Shielding your I.P. address is possible by connecting to what is called a virtual private network, or V.P.N., such as those offered by WiTopia, PrivateVPN and StrongVPN. These services, whose prices price from $40 to $90 a year, route your data stream to what is called a proxy server, where it is stripped of your I.P. address before it is sent on to its destination. This obscures your identity not only from Web sites but also from your Internet service provider.
Moreover, these services encrypt data traveling to and from their servers so it looks like gibberish to anyone who might be monitoring wireless networks in places like coffee shops, airports and hotels.
While V.P.N. providers generally have strict privacy policies, Moxie Marlinspike, an independent security researcher and software developer in San Francisco, said, "It's better to trust the design of the system rather than an organization." In that case, there is Tor, a free service with 36 million users that was originally developed to conceal military communications. Tor encrypts your data stream and bounces it through a series of proxy servers so no single entity knows the source of the data or whence it came. The only drawback is that with all that bouncing around, it is very S-L-O-W.

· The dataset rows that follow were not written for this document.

(* Let $\mu_0$ satisfy $\mathfrak m_4:=\int|v|^4\mu_0(dv)<\infty$, $|\hat\mu_0(\xi)|=o(|\xi|^{-p})$ as $|\xi|\to\infty$ for some $p>0$, $\int v\mu_0(dv)=0$, $\int v_iv_j\mu_0(dv)=\sigma_i^2\delta_{ij}$ with $\sigma_1^2+\sigma_2^2+\sigma_3^2=3$. Let $q=1/(2\lceil2/p\rceil)$ and let $\lambda>0$ be such that $|\hat\mu_0(\xi)|\le(\lambda^2/(\lambda^2+|\xi|^2))^q$ for all $\xi$. Define $$\mathrm W:=\sum_{j=1}^\nu\pi_{j,\nu}^4,\quad R:=\tfrac12(\mathfrak m_4\mathrm W)^{-1/4},\quad\Psi(\rho):=\prod_{j=1}^\nu\Big(\frac{\lambda^2}{\lambda^2+\rho^2\pi_{j,\nu}^2}\Big)^q,\quad\hat{\mathcal N}(\rho;u):=\prod_{j=1}^\nu\hat\mu_0\big(\rho\,\pi_{j,\nu}\psi_{j,\nu}(u)\big).$$ Then, outside a $P_t$-null set, for every $\rho\in[0,R]$, $$\sup_{u\in S^2}|\hat{\mathcal N}(\rho;u)|\le\Psi(\rho),\qquad\sup_{u\in S^2}|\hat{\mathcal M}(\rho u)|\le\Psi(\rho).$$ Moreover there are non-random polynomials $\wp_1,\wp_2$ of degrees $2$ and $4$, with positive coefficients depending only on $\mu_0$, such that outside a $P_t$-null set, for every $\rho\in[0,R]$ and $k=1,2$, $$\sup_{u\in S^2}\Big|\frac{\partial^k}{\partial\rho^k}\hat{\mathcal N}(\rho;u)\Big|\le\wp_k(\rho)\Psi(\rho),\qquad\sup_{u\in S^2}\Big|\frac{\partial^k}{\partial\rho^k}\hat{\mathcal M}(\rho u)\Big|\le\wp_k(\rho)\Psi(\rho).$$ The bounds for $\hat{\mathcal N}$ hold for any choice of $\mathrm B$.
   Context: $\hat\mu(\xi)=\int e^{i\xi\cdot v}\mu(dv)$. $\mathrm B:S^2\to\mathbb{SO}(3)$ is a measurable map with $\mathrm B(u)e_3=u$, and $\psi_{j,n}(u):=\mathrm B(u)\mathrm O_{j,n}e_3$ with $\mathrm O_{j,n}:=\mathrm O^*_{j,n}(\tau_n,(\phi_1,\dots,\phi_{n-1}),(\vartheta_1,\dots,\vartheta_{n-1}))$. Trees: McKean binary trees (finite rooted trees, each node with zero or two children distinguished left/right, leaves numbered left to right); $\mathbb T(n)$ those with $n$ leaves, $\mathfrak t_1$ the one-node tree, $\mathfrak t_n^l,\mathfrak t_n^r$ subtrees at left/right child of root with $n_l,n_r$ leaves; germination $\mathfrak t_{n,k}$ attaches two leaves to the $k$-th leaf. Kernel $b$ on $[-1,1]$ with $b(x)=b(\sqrt{1-x^2})|x|/\sqrt{1-x^2}=b(-x)$, $\int_0^1b=1$; $\beta(d\varphi)=\frac12b(\cos\varphi)\sin\varphi d\varphi$. Under $P_t$ independent: $\nu$, $P_t[\nu=n]=e^{-t}(1-e^{-t})^{n-1}$; Markov chain $\tau_n\in\mathbb T(n)$, $\tau_1=\mathfrak t_1$, $P_t[\tau_{n+1}=\mathfrak t_{n,k}|\tau_n=\mathfrak t_n]=1/n$; i.i.d. $\phi_n\sim\beta$; i.i.d. $\vartheta_n$ uniform on $(0,2\pi)$. $\pi^*_{1,1}\equiv1$, $\pi^*_{j,n}(\mathfrak t_n,\boldsymbol\varphi)=\pi^*_{j,n_l}(\mathfrak t_n^l,\boldsymbol\varphi^l)\cos\varphi_{n-1}$ ($j\le n_l$), $=\pi^*_{j-n_l,n_r}(\mathfrak t_n^r,\boldsymbol\varphi^r)\sin\varphi_{n-1}$ ($j>n_l$), where $\boldsymbol\varphi^l=(\varphi_1,\dots,\varphi_{n_l-1})$, $\boldsymbol\varphi^r=(\varphi_{n_l},\dots,\varphi_{n-2})$; $\pi_{j,n}=\pi^*_{j,n}(\tau_n,(\phi_1,\dots,\phi_{n-1}))$. $\mathrm O^*_{1,1}=\mathrm{Id}$, $\mathrm O^*_{j,n}=\mathrm M^l(\varphi_{n-1},\theta_{n-1})\mathrm O^*_{j,n_l}(\mathfrak t_n^l,\boldsymbol\varphi^l,\boldsymbol\theta^l)$ ($j\le n_l$), $=\mathrm M^r(\varphi_{n-1},\theta_{n-1})\mathrm O^*_{j-n_l,n_r}(\mathfrak t_n^r,\boldsymbol\varphi^r,\boldsymbol\theta^r)$ ($j>n_l$), with $\mathrm M^l(\varphi,\theta)=\begin{pmatrix}-\cos\theta\cos\varphi&\sin\theta&\cos\theta\sin\varphi\\-\sin\theta\cos\varphi&-\cos\theta&\sin\theta\sin\varphi\\ \sin\varphi&0&\cos\varphi\end{pmatrix}$, $\mathrm M^r(\varphi,\theta)=\begin{pmatrix}\sin\theta&\cos\theta\sin\varphi&-\cos\theta\cos\varphi\\-\cos\theta&\sin\theta\sin\varphi&-\sin\theta\cos\varphi\\0&\cos\varphi&\sin\varphi\end{pmatrix}$. $\hat{\mathcal M}(\xi)$, for $\xi\neq0$, $\rho=|\xi|$, $u=\xi/|\xi|$, is the conditional expectation of $\hat{\mathcal N}(\rho;u)$ given $\nu,(\tau_n),(\phi_n)$, i.e. $\hat\mu_0(\xi)$ if $\nu=1$ and $\int_{(0,2\pi)^{\nu-1}}\prod_{j}\hat\mu_0(\rho\pi_{j,\nu}\mathrm B(u)\mathrm O^*_{j,\nu}(\tau_\nu,\boldsymbol\phi,\boldsymbol\theta)e_3)u_{(0,2\pi)}^{\otimes(\nu-1)}(d\boldsymbol\theta)$ if $\nu\ge2$; it does not depend on $\mathrm B$. *)

theory Defs
  imports "HOL-Probability.Probability" "HOL-Computational_Algebra.Polynomial"
    "HOL-Library.Landau_Symbols"
begin

definition char3 :: "(real^3) measure \<Rightarrow> real^3 \<Rightarrow> complex" where
  "char3 \<mu> \<xi> = integral\<^sup>L \<mu> (\<lambda>v. cis (\<xi> \<bullet> v))"

definition e3 :: "real^3" where "e3 = axis 3 1"

datatype mtree = Leaf | Node mtree mtree

fun leaves :: "mtree \<Rightarrow> nat" where
  "leaves Leaf = 1"
| "leaves (Node l r) = leaves l + leaves r"

text \<open>Germination: attach two leaves to the k-th leaf (leaves numbered from 1, left to right).\<close>
fun germ :: "mtree \<Rightarrow> nat \<Rightarrow> mtree" where
  "germ Leaf k = (if k = 1 then Node Leaf Leaf else Leaf)"
| "germ (Node l r) k =
     (if k \<le> leaves l then Node (germ l k) r else Node l (germ r (k - leaves l)))"
definition rc_frame :: "enat set \<Rightarrow> (enat \<Rightarrow> ('w \<times> 'w) set) \<Rightarrow> bool" where
  "rc_frame S R \<longleftrightarrow>
     (\<forall>a\<in>S. \<forall>b\<in>S. R a O R b \<subseteq> R (min a b)) \<and>
     (\<forall>a\<in>S. \<forall>b\<in>S. a > b \<longrightarrow> (\<forall>x y z. (x, y) \<in> R a \<and> (x, z) \<in> R b \<longrightarrow> (y, z) \<in> R b)) \<and>
     (\<forall>a\<in>S. \<forall>b\<in>S. b < a \<longrightarrow> R a \<subseteq> R b)"

definition rc_closure :: "enat set \<Rightarrow> (enat \<Rightarrow> ('w \<times> 'w) set) \<Rightarrow> enat \<Rightarrow> ('w \<times> 'w) set" where
  "rc_closure S R a = {(x, y). \<forall>R'. (\<forall>b\<in>S. R b \<subseteq> R' b) \<and> rc_frame S R' \<longrightarrow> (x, y) \<in> R' a}"

text \<open>Canonical tree T[A]; nodes are lists of naturals, the root is []. In a conjunction
  the non-root nodes of the two conjunct trees are tagged 0 and 1, the roots being identified.\<close>
definition tag :: "nat \<Rightarrow> nat list \<Rightarrow> nat list" where
  "tag i p = (if p = [] then [] else i # p)"

fun tnodes :: "'a fm \<Rightarrow> nat list set" where
  "tnodes (Var p) = {[]}"
| "tnodes Top = {[]}"
| "tnodes (And B C) = tag 0 ` tnodes B \<union> tag 1 ` tnodes C"
| "tnodes (Dia a B) = insert [] ((#) 0 ` tnodes B)"

fun trel :: "'a fm \<Rightarrow> enat \<Rightarrow> (nat list \<times> nat list) set" where
  "trel (Var p) b = {}"
| "trel Top b = {}"
| "trel (And B C) b = map_prod (tag 0) (tag 0) ` trel B b \<union> map_prod (tag 1) (tag 1) ` trel C b"
| "trel (Dia a B) b = (if b = a then {([], [0])} else {}) \<union> map_prod ((#) 0) ((#) 0) ` trel B b"

fun tval :: "'a fm \<Rightarrow> nat list \<Rightarrow> 'a \<Rightarrow> bool" where
  "tval (Var q) x p = (x = [] \<and> p = q)"
| "tval Top x p = False"
| "tval (And B C) x p = ((\<exists>y\<in>tnodes B. x = tag 0 y \<and> tval B y p) \<or> (\<exists>y\<in>tnodes C. x = tag 1 y \<and> tval C y p))"
| "tval (Dia a B) x p = (\<exists>y\<in>tnodes B. x = 0 # y \<and> tval B y p)"

definition tree :: "'a fm \<Rightarrow> (nat list, 'a) kmodel" where
  "tree A = \<lparr>worlds = tnodes A, rel = trel A, val = tval A\<rparr>"

definition RC_model :: "enat set \<Rightarrow> 'a fm \<Rightarrow> (nat list, 'a) kmodel" where
  "RC_model S A = \<lparr>worlds = tnodes A, rel = rc_closure S (trel A), val = tval A\<rparr>"

text \<open>RC\<omega>_S[A]: same frame, valuation closed backwards along R_\<omega>
  (R_\<omega> is empty when \<omega> \<notin> S).\<close>
definition RCw_model :: "enat set \<Rightarrow> 'a fm \<Rightarrow> (nat list, 'a) kmodel" where
  "RCw_model S A = \<lparr>worlds = tnodes A, rel = rc_closure S (trel A),
     val = (\<lambda>x p. tval A x p \<or> (\<exists>y\<in>tnodes A. (x, y) \<in> rc_closure S (trel A) \<infinity> \<and> tval A y p))\<rparr>"

end

theory Submission
  imports Defs
begin

text \<open>Soundness: on the canonical tree \<open>T[A]\<close> the RC-closure of the relations admits an
  explicit description that is an RC-frame for all modalities at once and agrees with
  \<open>RC\<omega>\<^sub>S[A]\<close> on the modalities in \<open>S\<close>. Together with the \<open>R\<^sub>\<omega>\<close>-closed valuation this is a
  model of RC\<omega>, in which \<open>A\<close> holds at the root; so every consequence \<open>B\<close> of \<open>A\<close> holds
  there as well. The detour is necessary because a derivation may pass through formulas with
  modalities outside \<open>S\<close>.

  Completeness: \<open>T[A]\<close> maps homomorphically into the canonical model of RC\<omega>-theories,
  sending the root to the theory of consequences of \<open>A\<close>. The canonical model is an RC-frame
  with \<open>R\<^sub>\<omega>\<close>-persistent valuation, so the closure relations and the valuation of
  \<open>RC\<omega>\<^sub>S[A]\<close> map into it as well, truth of \<open>B\<close> at the root transfers, and the truth lemma
  turns it into derivability of \<open>B\<close> from \<open>A\<close>.\<close>

section \<open>Frames and soundness\<close>

lemma rc_frame_comp:
  "rc_frame S R \<Longrightarrow> a \<in> S \<Longrightarrow> b \<in> S \<Longrightarrow> (x, y) \<in> R a \<Longrightarrow> (y, z) \<in> R b \<Longrightarrow> (x, z) \<in> R (min a b)"
  unfolding rc_frame_def by blast

lemma rc_frame_eucl:
  "rc_frame S R \<Longrightarrow> a \<in> S \<Longrightarrow> b \<in> S \<Longrightarrow> b < a \<Longrightarrow> (x, y) \<in> R a \<Longrightarrow> (x, z) \<in> R b \<Longrightarrow> (y, z) \<in> R b"
  unfolding rc_frame_def by blast

lemma rc_frame_incl:
  "rc_frame S R \<Longrightarrow> a \<in> S \<Longrightarrow> b \<in> S \<Longrightarrow> b < a \<Longrightarrow> (x, y) \<in> R a \<Longrightarrow> (x, y) \<in> R b"
  unfolding rc_frame_def by blast

lemma rc_frame_subset: "rc_frame T R \<Longrightarrow> S \<subseteq> T \<Longrightarrow> rc_frame S R"
  unfolding rc_frame_def by blast

lemma rc_frame_preimage:
  assumes "rc_frame S R"
  shows "rc_frame S (\<lambda>c. {(u, v). (f u, f v) \<in> R c})"
  using assms unfolding rc_frame_def by blast

lemma rc_closure_least:
  "rc_frame S R' \<Longrightarrow> \<forall>c\<in>S. R c \<subseteq> R' c \<Longrightarrow> rc_closure S R b \<subseteq> R' b"
  unfolding rc_closure_def by blast

lemma rc_closure_hom:
  assumes "rc_frame S R'" and "\<And>c x y. c \<in> S \<Longrightarrow> (x, y) \<in> R c \<Longrightarrow> (f x, f y) \<in> R' c"
    and "(x, y) \<in> rc_closure S R b"
  shows "(f x, f y) \<in> R' b"
  using rc_closure_least[OF rc_frame_preimage[OF assms(1), of f], of R b] assms(2,3) by blast

definition rcw_model :: "('w, 'a) kmodel \<Rightarrow> bool" where
  "rcw_model M \<longleftrightarrow> rc_frame UNIV (rel M) \<and>
     (\<forall>x y p. (x, y) \<in> rel M \<infinity> \<longrightarrow> y \<in> worlds M \<longrightarrow> val M y p \<longrightarrow> val M x p)"

lemma rcw_model_frame: "rcw_model M \<Longrightarrow> rc_frame UNIV (rel M)"
  unfolding rcw_model_def by blast

lemma sat_Dia_Dia:
  assumes "rcw_model M" and "sat M x (Dia a (Dia b A))"
  shows "sat M x (Dia (min a b) A)"
  using assms rc_frame_comp[OF rcw_model_frame[OF assms(1)], of a b x] by auto

lemma sat_persistent_omega:
  assumes "rcw_model M"
  shows "(x, y) \<in> rel M \<infinity> \<Longrightarrow> y \<in> worlds M \<Longrightarrow> sat M y A \<Longrightarrow> sat M x A"
proof (induction A arbitrary: x y)
  case (Var p)
  then show ?case using assms unfolding rcw_model_def by auto
next
  case (Dia c A)
  then obtain z where "z \<in> worlds M" "(y, z) \<in> rel M c" "sat M z A" by auto
  moreover have "(x, z) \<in> rel M c"
    using rc_frame_comp[OF rcw_model_frame[OF assms], of \<infinity> c x y z] Dia.prems calculation by simp
  ultimately show ?case by auto
qed auto

lemma deriv_sound:
  assumes "rcw_model M"
  shows "deriv A B \<Longrightarrow> sat M x A \<Longrightarrow> sat M x B"
proof (induction arbitrary: x rule: deriv.induct)
  case (trans4 a A)
  then show ?case using sat_Dia_Dia[OF assms, of x a a] by simp
next
  case (mono1 a b A)
  then show ?case using sat_Dia_Dia[OF assms, of x a b] by (simp add: min_absorb2)
next
  case (mono2 a b A)
  then show ?case using sat_Dia_Dia[OF assms, of x b a] by (simp add: min_absorb1)
next
  case (pull a b A B)
  then show ?case using rc_frame_eucl[OF rcw_model_frame[OF assms], of a b x] by auto
next
  case (weak a b A)
  then show ?case using rc_frame_incl[OF rcw_model_frame[OF assms], of a b x] by auto
next
  case (omega A)
  then show ?case using sat_persistent_omega[OF assms] by auto
qed auto

section \<open>The canonical model\<close>

lemmas deriv_trans [trans] = deriv.cut

lemma deriv_And_assoc: "deriv (And (And \<phi> \<psi>) \<chi>) (And \<phi> (And \<psi> \<chi>))"
  by (meson deriv.andE1 deriv.andE2 deriv.andI deriv.cut)

lemma deriv_Dia_Dia: "deriv (Dia a (Dia b \<phi>)) (Dia (min a b) \<phi>)"
proof (cases a b rule: linorder_cases)
  case less
  then have "deriv (Dia a (Dia b \<phi>)) (Dia a (Dia a \<phi>))"
    by (intro deriv.nec deriv.weak)
  also have "deriv \<dots> (Dia a \<phi>)"
    by (rule deriv.trans4)
  finally show ?thesis
    using less by (simp add: min_absorb1)
next
  case equal
  then show ?thesis by (simp add: deriv.trans4)
next
  case greater
  then show ?thesis using deriv.mono1[of b a \<phi>] by (simp add: min_absorb2)
qed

Free browser add-ons that increase privacy and yet will not interrupt your work flow include Ghostery and Do Not Track Plus, which prevent Web sites from relaying information about you and your visit to tracking companies. These add-ons also name the companies that were blocked from receiving your data (one social network, five advertising companies and six data brokers on a recent visit to CNN.com, which is instructive in itself.
"Companies like Google are creating these enormous databases using your personal information," said Paul Hill, senior consultant with SystemExperts, a network security company in Sudbury, Mass. "They may have the best of intentions now, but who knows what they will look like 20 years from now, and by then it will be too late to take it all back."